(* Let $(X,d,\mu)$ be as in the context, $1\le p<\infty$, $x\in X$, assume $\mu$ is doubling at $x$, and fix $0<R_0<\infty$. (i) If $0<q\in\underline{S}_0(x)$, then for $0<2r\le R\le R_0$: $\operatorname{cap}_p(B_r,B_R)\lesssim R^{q-p}$ if $q<p$, and $\operatorname{cap}_p(B_r,B_R)\lesssim r^{q-p}$ if $q>p$. (ii) If $X$ is unbounded and $0<q\in\overline{S}_\infty$, then the same two estimates hold for $R_0\le r\le R/2<\infty$. (iii) If $p\in\underline{S}_0(x)$, then $\operatorname{cap}_p(B_r,B_R)\lesssim\big(\log\frac Rr\big)^{1-p}$ for $0<2r\le R\le R_0$. (iv) If $X$ is unbounded and $p\in\overline{S}_\infty$, then the estimate in (iii) holds for $R_0\le r\le R/2<\infty$. Implicit constants are independent of $r,R$ (but may depend on $R_0$).
   Context: $(X,d,\mu)$ metric space with positive complete Borel measure, $0<\mu(B)<\infty$ for all balls; $B_r=B(x,r)$. Doubling at $x$: $\mu(B(x,2r))\le C\mu(B(x,r))$ for all $r>0$. $\operatorname{cap}_p(E,\Omega)=\inf\{\int_\Omega g_u^p\,d\mu:u\in N^{1,p}_0(\Omega),u\ge1\text{ on }E\}$ with $N^{1,p}_0(\Omega)=\{f|_\Omega:f\in N^{1,p}(X),f=0 \text{ off }\Omega\}$, $N^{1,p}$ the Newtonian space defined via upper gradients and $g_u$ the minimal $p$-weak upper gradient. $\underline{S}_0(x)=\{q>0:\exists C_q,\ \mu(B_r)\le C_qr^q\text{ for }0<r\le1\}$; $\overline{S}_\infty=\overline{S}_\infty(x)=\{q>0:\exists C_q,\ \mu(B_r)\le C_qr^q\text{ for }r\ge1\}$ (independent of $x$). *)

theory Defs
  imports "HOL-Analysis.Analysis"
begin

definition mms :: "'a::metric_space measure \<Rightarrow> bool" where
  "mms \<mu> \<longleftrightarrow> space \<mu> = UNIV \<and> sets borel \<subseteq> sets \<mu> \<and> complete_measure \<mu> \<and>
     (\<forall>x r. 0 < r \<longrightarrow> 0 < emeasure \<mu> (ball x r) \<and> emeasure \<mu> (ball x r) < \<infinity>)"

definition epow :: "ennreal \<Rightarrow> real \<Rightarrow> ennreal" where
  "epow a p = (if a = top then top else ennreal (enn2real a powr p))"

definition curve_variation :: "(real \<Rightarrow> 'a::metric_space) \<Rightarrow> real \<Rightarrow> real \<Rightarrow> ennreal" where
  "curve_variation \<gamma> a b =
     (SUP ts \<in> {ts. sorted ts \<and> set ts \<subseteq> {a..b}}.
        ennreal (\<Sum>i<length ts - 1. dist (\<gamma> (ts ! i)) (\<gamma> (ts ! Suc i))))"

definition arclength_curve :: "(real \<Rightarrow> 'a::metric_space) \<Rightarrow> real \<Rightarrow> bool" where
  "arclength_curve \<gamma> l \<longleftrightarrow> 0 \<le> l \<and>
     (\<forall>s t. 0 \<le> s \<longrightarrow> s \<le> t \<longrightarrow> t \<le> l \<longrightarrow> curve_variation \<gamma> s t = ennreal (t - s))"

definition line_integral :: "('a \<Rightarrow> ennreal) \<Rightarrow> (real \<Rightarrow> 'a) \<Rightarrow> real \<Rightarrow> ennreal" where
  "line_integral g \<gamma> l = (\<integral>\<^sup>+ t. g (\<gamma> t) * indicator {0..l} t \<partial>lborel)"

+++

» **WHAT YOU HAVE TO DO**: At the line with "Context: $(X,d,\mu)$ metric", begin reproducing the material above exactly, and continue through its last line.

» **YOUR RESPONSE**:
   Context: $(X,d,\mu)$ metric space with positive complete Borel measure, $0<\mu(B)<\infty$ for all balls; $B_r=B(x,r)$. Doubling at $x$: $\mu(B(x,2r))\le C\mu(B(x,r))$ for all $r>0$. $\operatorname{cap}_p(E,\Omega)=\inf\{\int_\Omega g_u^p\,d\mu:u\in N^{1,p}_0(\Omega),u\ge1\text{ on }E\}$ with $N^{1,p}_0(\Omega)=\{f|_\Omega:f\in N^{1,p}(X),f=0 \text{ off }\Omega\}$, $N^{1,p}$ the Newtonian space defined via upper gradients and $g_u$ the minimal $p$-weak upper gradient. $\underline{S}_0(x)=\{q>0:\exists C_q,\ \mu(B_r)\le C_qr^q\text{ for }0<r\le1\}$; $\overline{S}_\infty=\overline{S}_\infty(x)=\{q>0:\exists C_q,\ \mu(B_r)\le C_qr^q\text{ for }r\ge1\}$ (independent of $x$). *)

theory Defs
  imports "HOL-Analysis.Analysis"
begin

definition mms :: "'a::metric_space measure \<Rightarrow> bool" where
  "mms \<mu> \<longleftrightarrow> space \<mu> = UNIV \<and> sets borel \<subseteq> sets \<mu> \<and> complete_measure \<mu> \<and>
     (\<forall>x r. 0 < r \<longrightarrow> 0 < emeasure \<mu> (ball x r) \<and> emeasure \<mu> (ball x r) < \<infinity>)"

definition epow :: "ennreal \<Rightarrow> real \<Rightarrow> ennreal" where
  "epow a p = (if a = top then top else ennreal (enn2real a powr p))"

definition curve_variation :: "(real \<Rightarrow> 'a::metric_space) \<Rightarrow> real \<Rightarrow> real \<Rightarrow> ennreal" where
  "curve_variation \<gamma> a b =
     (SUP ts \<in> {ts. sorted ts \<and> set ts \<subseteq> {a..b}}.
        ennreal (\<Sum>i<length ts - 1. dist (\<gamma> (ts ! i)) (\<gamma> (ts ! Suc i))))"

definition arclength_curve :: "(real \<Rightarrow> 'a::metric_space) \<Rightarrow> real \<Rightarrow> bool" where
  "arclength_curve \<gamma> l \<longleftrightarrow> 0 \<le> l \<and>
     (\<forall>s t. 0 \<le> s \<longrightarrow> s \<le> t \<longrightarrow> t \<le> l \<longrightarrow> curve_variation \<gamma> s t = ennreal (t - s))"

definition line_integral :: "('a \<Rightarrow> ennreal) \<Rightarrow> (real \<Rightarrow> 'a) \<Rightarrow> real \<Rightarrow> ennreal" where
  "line_integral g \<gamma> l = (\<integral>\<^sup>+ t. g (\<gamma> t) * indicator {0..l} t \<partial>lborel)"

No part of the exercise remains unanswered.